Windows on three sides let the light in.
It’s a sure sign of approaching gentrification when a restaurant like 975 opens in one of Paris’s quartiers populaires, in this case the area around Métro Guy Moquet in northwestern Paris, not far from the Périphérique. Nothing against the restaurant, of course, which is a fine example of bistronomie, with its carefully selected ingredients and well-prepared dishes. The friendly service is provided by two young men who actually seem to enjoy and take pride in their work, and the decor is simple but attractive: black tables and classroom chairs in an aquarium-like space with big windows on three sides, their frames painted acid-yellow inside and out, so that you can’t miss the place as you approach it on the street.
The lunch menu here is a real bargain at €16 for a starter, plat du jour, dessert and coffee. Granted, the first and last courses were half the normal size, but that seemed appropriate at lunchtime, and the main course was generous. I chose this formule, and it was just right.
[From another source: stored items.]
(* Let $R$ be a countable, cotorsion-free commutative ring. Let $G$ be an almost full embedding of a category of graphs into a category of torsion-free $R$-modules, i.e. a functor such that for all graphs $X,Y$ in its domain the map $\gamma:R[\mathrm{Hom}_{\mathcal{G}raphs}(X,Y)]\to\mathrm{Hom}_R(GX,GY)$, $\sum r_\varphi\varphi\mapsto\sum r_\varphi G\varphi$, is an isomorphism. If $\mathrm{Hom}_{\mathcal{G}raphs}(X,Y)$ is uncountable, then $GX$ or $GY$ is uncountable.
   Context: A graph is a set with a binary relation; graph morphisms are relation-preserving functions. $R[S]$ denotes the free $R$-module with basis $S$. An $R$-module is torsion-free if $bs=0$ with $s\ne0$ implies $b=0$. Cotorsion-free is with respect to a countable multiplicative subset $\mathbb{S}\subseteq R$ ($0\notin\mathbb{S}$, $1\in\mathbb{S}$): $R$ is $\mathbb{S}$-reduced ($\bigcap_{s\in\mathbb{S}}sR=0$), $\mathbb{S}$-torsion-free, and $\mathrm{Hom}_R(\widehat R,R)=0$ for the $\mathbb{S}$-adic completion $\widehat R$. *)

theory Defs
  imports "HOL-Algebra.Algebra" "HOL-Library.Countable_Set" "HOL-Library.FuncSet"
begin

type_synonym 'v graph = "'v set \<times> ('v \<times> 'v) set"

definition is_graph :: "'v graph \<Rightarrow> bool" where
  "is_graph gX \<longleftrightarrow> snd gX \<subseteq> Sigma (fst gX) (\<lambda>_. fst gX)"

definition graph_hom :: "'v graph \<Rightarrow> 'v graph \<Rightarrow> ('v \<Rightarrow> 'v) set" where
  "graph_hom gX gY = {f. f \<in> fst gX \<rightarrow>\<^sub>E fst gY \<and>
                       (\<forall>u v. (u, v) \<in> snd gX \<longrightarrow> (f u, f v) \<in> snd gY)}"

definition lin_hom :: "'r ring \<Rightarrow> ('r, 'm) module \<Rightarrow> ('r, 'n) module \<Rightarrow> ('m \<Rightarrow> 'n) set" where
  "lin_hom R M N = {h. h \<in> carrier M \<rightarrow>\<^sub>E carrier N \<and>
     (\<forall>x\<in>carrier M. \<forall>y\<in>carrier M. h (x \<oplus>\<^bsub>M\<^esub> y) = h x \<oplus>\<^bsub>N\<^esub> h y) \<and>
     (\<forall>r\<in>carrier R. \<forall>x\<in>carrier M. h (r \<odot>\<^bsub>M\<^esub> x) = r \<odot>\<^bsub>N\<^esub> h x)}"

definition torsion_free_module :: "'r ring \<Rightarrow> ('r, 'm) module \<Rightarrow> bool" where
  "torsion_free_module R M \<longleftrightarrow> module R M \<and>
     (\<forall>b\<in>carrier R. \<forall>s\<in>carrier M. b \<odot>\<^bsub>M\<^esub> s = \<zero>\<^bsub>M\<^esub> \<and> s \<noteq> \<zero>\<^bsub>M\<^esub> \<longrightarrow> b = \<zero>\<^bsub>R\<^esub>)"

text \<open>The free R-module R[S]: finitely supported R-valued functions on S.\<close>
definition free_mod :: "'r ring \<Rightarrow> 'a set \<Rightarrow> ('a \<Rightarrow> 'r) set" where
  "free_mod R S = {c. c \<in> S \<rightarrow>\<^sub>E carrier R \<and> finite {x\<in>S. c x \<noteq> \<zero>\<^bsub>R\<^esub>}}"

definition mult_subset :: "'r ring \<Rightarrow> 'r set \<Rightarrow> bool" where
  "mult_subset R S \<longleftrightarrow> S \<subseteq> carrier R \<and> \<one>\<^bsub>R\<^esub> \<in> S \<and> \<zero>\<^bsub>R\<^esub> \<notin> S \<and>
     (\<forall>s\<in>S. \<forall>t\<in>S. s \<otimes>\<^bsub>R\<^esub> t \<in> S)"

definition S_reduced :: "'r ring \<Rightarrow> 'r set \<Rightarrow> bool" where
  "S_reduced R S \<longleftrightarrow> (\<Inter>s\<in>S. PIdl\<^bsub>R\<^esub> s) = {\<zero>\<^bsub>R\<^esub>}"

definition S_torsion_free :: "'r ring \<Rightarrow> 'r set \<Rightarrow> bool" where
  "S_torsion_free R S \<longleftrightarrow> (\<forall>s\<in>S. \<forall>r\<in>carrier R. s \<otimes>\<^bsub>R\<^esub> r = \<zero>\<^bsub>R\<^esub> \<longrightarrow> r = \<zero>\<^bsub>R\<^esub>)"

text \<open>The S-adic completion as the inverse limit of the R/sR (s in S, ordered by divisibility):
  compatible families of cosets x s in R/sR, i.e. x t is contained in x s whenever s divides t.\<close>
definition S_completion :: "'r ring \<Rightarrow> 'r set \<Rightarrow> ('r \<Rightarrow> 'r set) set" where
  "S_completion R S = {x. x \<in> (\<Pi>\<^sub>E s\<in>S. a_rcosets\<^bsub>R\<^esub> (PIdl\<^bsub>R\<^esub> s)) \<and>
     (\<forall>s\<in>S. \<forall>t\<in>S. (\<exists>u\<in>carrier R. t = s \<otimes>\<^bsub>R\<^esub> u) \<longrightarrow> x t \<subseteq> x s)}"

definition compl_add :: "'r ring \<Rightarrow> 'r set \<Rightarrow> ('r \<Rightarrow> 'r set) \<Rightarrow> ('r \<Rightarrow> 'r set) \<Rightarrow> ('r \<Rightarrow> 'r set)" where
  "compl_add R S x y = (\<lambda>s\<in>S. x s <+>\<^bsub>R\<^esub> y s)"

definition compl_smult :: "'r ring \<Rightarrow> 'r set \<Rightarrow> 'r \<Rightarrow> ('r \<Rightarrow> 'r set) \<Rightarrow> ('r \<Rightarrow> 'r set)" where
  "compl_smult R S r x = (\<lambda>s\<in>S. PIdl\<^bsub>R\<^esub> s <+>\<^bsub>R\<^esub> ((\<lambda>a. r \<otimes>\<^bsub>R\<^esub> a) ` x s))"

definition hom_completion_zero :: "'r ring \<Rightarrow> 'r set \<Rightarrow> bool" where
  "hom_completion_zero R S \<longleftrightarrow>
     (\<forall>f. f \<in> S_completion R S \<rightarrow> carrier R \<and>
          (\<forall>x\<in>S_completion R S. \<forall>y\<in>S_completion R S. f (compl_add R S x y) = f x \<oplus>\<^bsub>R\<^esub> f y) \<and>
          (\<forall>r\<in>carrier R. \<forall>x\<in>S_completion R S. f (compl_smult R S r x) = r \<otimes>\<^bsub>R\<^esub> f x)
       \<longrightarrow> (\<forall>x\<in>S_completion R S. f x = \<zero>\<^bsub>R\<^esub>))"

definition cotorsion_free :: "'r ring \<Rightarrow> bool" where
  "cotorsion_free R \<longleftrightarrow> (\<exists>S. countable S \<and> mult_subset R S \<and> S_reduced R S \<and>
       S_torsion_free R S \<and> hom_completion_zero R S)"

text \<open>A functor from the full subcategory of graphs with object set C into torsion-free R-modules:
  GO on objects, GM gX gY on morphisms gX -> gY.\<close>
definition graph_module_functor ::
  "'r ring \<Rightarrow> 'v graph set \<Rightarrow> ('v graph \<Rightarrow> ('r, 'm) module) \<Rightarrow>
   ('v graph \<Rightarrow> 'v graph \<Rightarrow> ('v \<Rightarrow> 'v) \<Rightarrow> 'm \<Rightarrow> 'm) \<Rightarrow> bool" where
  "graph_module_functor R C GO GM \<longleftrightarrow>
     (\<forall>gX\<in>C. is_graph gX \<and> torsion_free_module R (GO gX)) \<and>
     (\<forall>gX\<in>C. \<forall>gY\<in>C. \<forall>\<phi>\<in>graph_hom gX gY.
        restrict (GM gX gY \<phi>) (carrier (GO gX)) \<in> lin_hom R (GO gX) (GO gY)) \<and>
     (\<forall>gX\<in>C. \<forall>m\<in>carrier (GO gX). GM gX gX (restrict id (fst gX)) m = m) \<and>
     (\<forall>gX\<in>C. \<forall>gY\<in>C. \<forall>gZ\<in>C. \<forall>\<phi>\<in>graph_hom gX gY. \<forall>\<psi>\<in>graph_hom gY gZ. \<forall>m\<in>carrier (GO gX).
        GM gX gZ (restrict (\<psi> \<circ> \<phi>) (fst gX)) m = GM gY gZ \<psi> (GM gX gY \<phi> m))"

definition gamma_map ::
  "'r ring \<Rightarrow> ('v graph \<Rightarrow> ('r, 'm) module) \<Rightarrow>
   ('v graph \<Rightarrow> 'v graph \<Rightarrow> ('v \<Rightarrow> 'v) \<Rightarrow> 'm \<Rightarrow> 'm) \<Rightarrow> 'v graph \<Rightarrow> 'v graph \<Rightarrow>
   (('v \<Rightarrow> 'v) \<Rightarrow> 'r) \<Rightarrow> 'm \<Rightarrow> 'm" where
  "gamma_map R GO GM gX gY c = (\<lambda>m\<in>carrier (GO gX).
     finsum (GO gY) (\<lambda>\<phi>. c \<phi> \<odot>\<^bsub>GO gY\<^esub> GM gX gY \<phi> m) {\<phi>\<in>graph_hom gX gY. c \<phi> \<noteq> \<zero>\<^bsub>R\<^esub>})"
It started with a small bowl of corn soup with
hazelnuts, lardons and spice-bread croutons. Creamy and delicious. My friend John, who had ordered two starters from the menu, liked it better than his own lettuce soup with
cockles, lardons and more of those spice-bread croutons, but I thought his was pretty tasty, too.
He continued with a fine, fresh-tasting tartare
of Salers beef, spiced up with Espelette pepper – green, not the usual red – and adorned with lovely tiny grilled red onions.
We shared my dessert, a mini-lemon tart (as
tart as a lemon tart should be) with a lovely crumbly shortbread crust, topped with a meringue kiss. Perfect.
The waiter recommended a fine, citrusy Sauvignon Blanc from Domaine François Cartier in the Touraine, priced at only €21.
I’m not sure I will make another special trip to the outer reaches of Paris to return to 975, but if ever I am looking for a restaurant in the environs, I will definitely go back.